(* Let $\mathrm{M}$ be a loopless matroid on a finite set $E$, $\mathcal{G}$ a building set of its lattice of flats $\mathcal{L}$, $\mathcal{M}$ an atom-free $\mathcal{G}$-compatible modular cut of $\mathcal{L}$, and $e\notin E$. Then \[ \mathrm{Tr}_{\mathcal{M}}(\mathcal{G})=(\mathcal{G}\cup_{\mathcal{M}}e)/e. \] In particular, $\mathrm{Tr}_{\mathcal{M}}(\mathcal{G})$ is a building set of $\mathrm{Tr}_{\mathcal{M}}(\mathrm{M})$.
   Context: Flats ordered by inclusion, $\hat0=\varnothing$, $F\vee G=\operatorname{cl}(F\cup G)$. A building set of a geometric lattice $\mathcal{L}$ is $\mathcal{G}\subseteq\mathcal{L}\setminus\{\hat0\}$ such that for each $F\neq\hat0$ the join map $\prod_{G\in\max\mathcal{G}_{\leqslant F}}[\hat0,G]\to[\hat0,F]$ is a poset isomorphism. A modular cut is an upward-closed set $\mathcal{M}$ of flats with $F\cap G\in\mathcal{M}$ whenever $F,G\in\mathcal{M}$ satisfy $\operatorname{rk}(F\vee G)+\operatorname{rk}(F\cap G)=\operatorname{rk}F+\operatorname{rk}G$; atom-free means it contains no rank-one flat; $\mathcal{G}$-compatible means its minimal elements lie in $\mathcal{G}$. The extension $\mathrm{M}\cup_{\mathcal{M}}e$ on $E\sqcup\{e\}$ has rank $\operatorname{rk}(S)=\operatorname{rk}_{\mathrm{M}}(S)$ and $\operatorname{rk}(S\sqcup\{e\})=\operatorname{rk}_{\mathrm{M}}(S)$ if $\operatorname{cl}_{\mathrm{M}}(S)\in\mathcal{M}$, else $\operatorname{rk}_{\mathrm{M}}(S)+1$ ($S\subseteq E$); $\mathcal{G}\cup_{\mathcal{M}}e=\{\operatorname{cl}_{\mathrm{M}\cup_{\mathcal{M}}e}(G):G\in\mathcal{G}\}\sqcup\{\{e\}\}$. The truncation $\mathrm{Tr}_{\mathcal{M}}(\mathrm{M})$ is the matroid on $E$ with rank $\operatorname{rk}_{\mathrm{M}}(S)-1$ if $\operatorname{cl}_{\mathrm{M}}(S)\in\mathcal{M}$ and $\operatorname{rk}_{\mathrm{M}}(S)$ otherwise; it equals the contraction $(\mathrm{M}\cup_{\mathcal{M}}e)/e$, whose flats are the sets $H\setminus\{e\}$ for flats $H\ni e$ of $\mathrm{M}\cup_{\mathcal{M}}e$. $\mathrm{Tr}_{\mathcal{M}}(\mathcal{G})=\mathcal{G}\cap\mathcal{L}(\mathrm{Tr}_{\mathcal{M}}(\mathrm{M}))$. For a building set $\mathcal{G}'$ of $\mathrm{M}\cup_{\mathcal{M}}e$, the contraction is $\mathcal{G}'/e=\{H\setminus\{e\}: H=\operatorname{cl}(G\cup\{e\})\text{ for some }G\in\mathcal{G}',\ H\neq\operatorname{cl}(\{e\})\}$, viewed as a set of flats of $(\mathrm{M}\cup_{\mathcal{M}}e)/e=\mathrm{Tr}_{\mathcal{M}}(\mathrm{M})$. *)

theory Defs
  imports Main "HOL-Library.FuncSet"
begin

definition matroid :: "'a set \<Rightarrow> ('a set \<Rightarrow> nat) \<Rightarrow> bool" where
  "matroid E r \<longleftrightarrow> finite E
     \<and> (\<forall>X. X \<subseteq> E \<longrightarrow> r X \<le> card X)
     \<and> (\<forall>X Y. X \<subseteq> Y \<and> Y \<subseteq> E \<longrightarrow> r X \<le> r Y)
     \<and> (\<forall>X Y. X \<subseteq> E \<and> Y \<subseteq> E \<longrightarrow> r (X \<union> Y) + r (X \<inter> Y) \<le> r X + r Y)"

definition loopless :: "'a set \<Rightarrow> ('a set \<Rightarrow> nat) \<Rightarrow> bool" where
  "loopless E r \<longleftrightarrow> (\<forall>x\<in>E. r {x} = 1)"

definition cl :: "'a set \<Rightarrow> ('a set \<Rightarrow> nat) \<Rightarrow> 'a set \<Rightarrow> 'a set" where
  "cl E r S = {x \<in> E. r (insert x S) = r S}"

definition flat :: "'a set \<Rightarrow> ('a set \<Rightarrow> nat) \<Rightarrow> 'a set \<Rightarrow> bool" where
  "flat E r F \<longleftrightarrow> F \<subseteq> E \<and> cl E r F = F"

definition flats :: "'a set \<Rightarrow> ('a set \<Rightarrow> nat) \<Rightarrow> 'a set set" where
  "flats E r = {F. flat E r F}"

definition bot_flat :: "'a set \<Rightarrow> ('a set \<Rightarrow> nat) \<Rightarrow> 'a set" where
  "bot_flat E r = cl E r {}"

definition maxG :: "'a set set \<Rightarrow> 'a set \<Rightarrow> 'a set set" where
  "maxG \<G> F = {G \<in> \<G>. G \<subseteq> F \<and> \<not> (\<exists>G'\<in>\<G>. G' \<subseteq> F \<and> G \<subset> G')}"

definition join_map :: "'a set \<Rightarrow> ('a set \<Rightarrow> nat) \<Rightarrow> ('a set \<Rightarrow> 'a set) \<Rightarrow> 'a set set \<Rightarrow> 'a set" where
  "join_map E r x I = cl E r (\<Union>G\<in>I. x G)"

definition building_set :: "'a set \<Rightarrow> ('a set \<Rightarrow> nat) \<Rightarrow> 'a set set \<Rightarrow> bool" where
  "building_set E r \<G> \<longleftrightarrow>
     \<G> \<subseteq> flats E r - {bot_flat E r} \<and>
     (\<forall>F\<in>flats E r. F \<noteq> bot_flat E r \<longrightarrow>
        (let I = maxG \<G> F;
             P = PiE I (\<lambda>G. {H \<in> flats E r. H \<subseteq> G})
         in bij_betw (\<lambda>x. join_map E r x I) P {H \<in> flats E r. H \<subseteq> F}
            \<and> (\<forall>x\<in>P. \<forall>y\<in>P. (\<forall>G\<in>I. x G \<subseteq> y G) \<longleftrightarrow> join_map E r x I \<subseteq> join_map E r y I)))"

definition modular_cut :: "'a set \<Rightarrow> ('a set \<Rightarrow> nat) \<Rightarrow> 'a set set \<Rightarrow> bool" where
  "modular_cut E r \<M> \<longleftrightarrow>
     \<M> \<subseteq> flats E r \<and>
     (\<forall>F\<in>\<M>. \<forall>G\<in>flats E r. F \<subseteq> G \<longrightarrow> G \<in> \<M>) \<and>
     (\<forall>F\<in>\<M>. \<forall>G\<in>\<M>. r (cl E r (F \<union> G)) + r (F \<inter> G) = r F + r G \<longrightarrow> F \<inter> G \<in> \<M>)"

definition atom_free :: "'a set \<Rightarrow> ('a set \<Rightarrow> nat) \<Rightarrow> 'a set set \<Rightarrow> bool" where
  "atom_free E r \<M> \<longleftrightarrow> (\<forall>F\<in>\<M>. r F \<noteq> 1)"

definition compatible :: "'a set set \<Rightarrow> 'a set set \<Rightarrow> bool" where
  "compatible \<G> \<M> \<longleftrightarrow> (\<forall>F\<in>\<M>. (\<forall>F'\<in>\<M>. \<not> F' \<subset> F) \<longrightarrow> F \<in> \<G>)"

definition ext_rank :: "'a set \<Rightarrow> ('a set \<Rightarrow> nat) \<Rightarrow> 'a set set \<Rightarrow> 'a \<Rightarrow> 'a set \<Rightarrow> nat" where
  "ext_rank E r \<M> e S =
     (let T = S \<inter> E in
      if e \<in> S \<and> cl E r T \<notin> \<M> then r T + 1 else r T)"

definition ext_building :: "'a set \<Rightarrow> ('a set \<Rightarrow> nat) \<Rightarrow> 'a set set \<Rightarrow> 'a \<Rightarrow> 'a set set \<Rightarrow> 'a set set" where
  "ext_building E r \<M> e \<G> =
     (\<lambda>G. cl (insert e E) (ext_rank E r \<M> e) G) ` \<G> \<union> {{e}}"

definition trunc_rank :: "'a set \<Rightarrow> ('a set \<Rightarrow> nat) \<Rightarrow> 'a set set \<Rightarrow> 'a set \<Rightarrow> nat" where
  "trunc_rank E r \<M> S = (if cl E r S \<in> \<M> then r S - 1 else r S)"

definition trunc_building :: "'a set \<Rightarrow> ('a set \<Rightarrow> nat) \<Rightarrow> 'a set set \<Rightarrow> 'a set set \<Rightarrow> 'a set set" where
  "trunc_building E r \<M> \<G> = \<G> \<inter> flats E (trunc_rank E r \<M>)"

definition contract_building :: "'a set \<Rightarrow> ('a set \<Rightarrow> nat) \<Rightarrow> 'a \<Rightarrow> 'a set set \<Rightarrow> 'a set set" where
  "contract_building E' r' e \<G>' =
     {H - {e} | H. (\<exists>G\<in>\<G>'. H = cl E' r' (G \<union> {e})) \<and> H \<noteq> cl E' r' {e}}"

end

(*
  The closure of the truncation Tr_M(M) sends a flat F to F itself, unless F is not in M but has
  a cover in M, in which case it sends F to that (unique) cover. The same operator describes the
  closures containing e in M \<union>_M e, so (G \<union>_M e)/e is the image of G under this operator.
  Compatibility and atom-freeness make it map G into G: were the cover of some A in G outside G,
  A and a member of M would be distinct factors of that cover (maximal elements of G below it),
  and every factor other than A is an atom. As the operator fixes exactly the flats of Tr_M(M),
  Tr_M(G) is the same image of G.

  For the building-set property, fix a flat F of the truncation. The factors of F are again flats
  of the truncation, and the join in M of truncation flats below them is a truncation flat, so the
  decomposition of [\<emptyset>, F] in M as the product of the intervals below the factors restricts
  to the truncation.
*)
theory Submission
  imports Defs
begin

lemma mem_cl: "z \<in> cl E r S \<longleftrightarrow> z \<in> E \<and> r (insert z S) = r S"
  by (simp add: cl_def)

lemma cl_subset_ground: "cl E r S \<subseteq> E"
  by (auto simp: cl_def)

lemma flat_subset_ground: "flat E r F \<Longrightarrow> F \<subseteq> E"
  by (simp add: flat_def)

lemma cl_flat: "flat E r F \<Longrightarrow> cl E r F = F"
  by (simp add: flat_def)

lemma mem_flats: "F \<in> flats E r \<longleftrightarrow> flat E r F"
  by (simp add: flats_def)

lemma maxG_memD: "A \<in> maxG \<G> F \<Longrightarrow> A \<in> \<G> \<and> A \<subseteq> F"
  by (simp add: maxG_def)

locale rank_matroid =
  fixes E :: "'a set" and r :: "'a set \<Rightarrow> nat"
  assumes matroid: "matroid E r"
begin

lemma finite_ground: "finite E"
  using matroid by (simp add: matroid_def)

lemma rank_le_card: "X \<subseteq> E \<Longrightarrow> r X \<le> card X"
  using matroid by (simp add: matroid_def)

************

Using the entries shown above, reproduce verbatim the lines from the line bearing "E r S \<in>" to the line bearing "set \<Rightarrow> 'a set set \<Rightarrow> 'a", inclusive.

- _WRITTEN SOLUTION_
  "trunc_rank E r \<M> S = (if cl E r S \<in> \<M> then r S - 1 else r S)"

definition trunc_building :: "'a set \<Rightarrow> ('a set \<Rightarrow> nat) \<Rightarrow> 'a set set \<Rightarrow> 'a set set \<Rightarrow> 'a set set" where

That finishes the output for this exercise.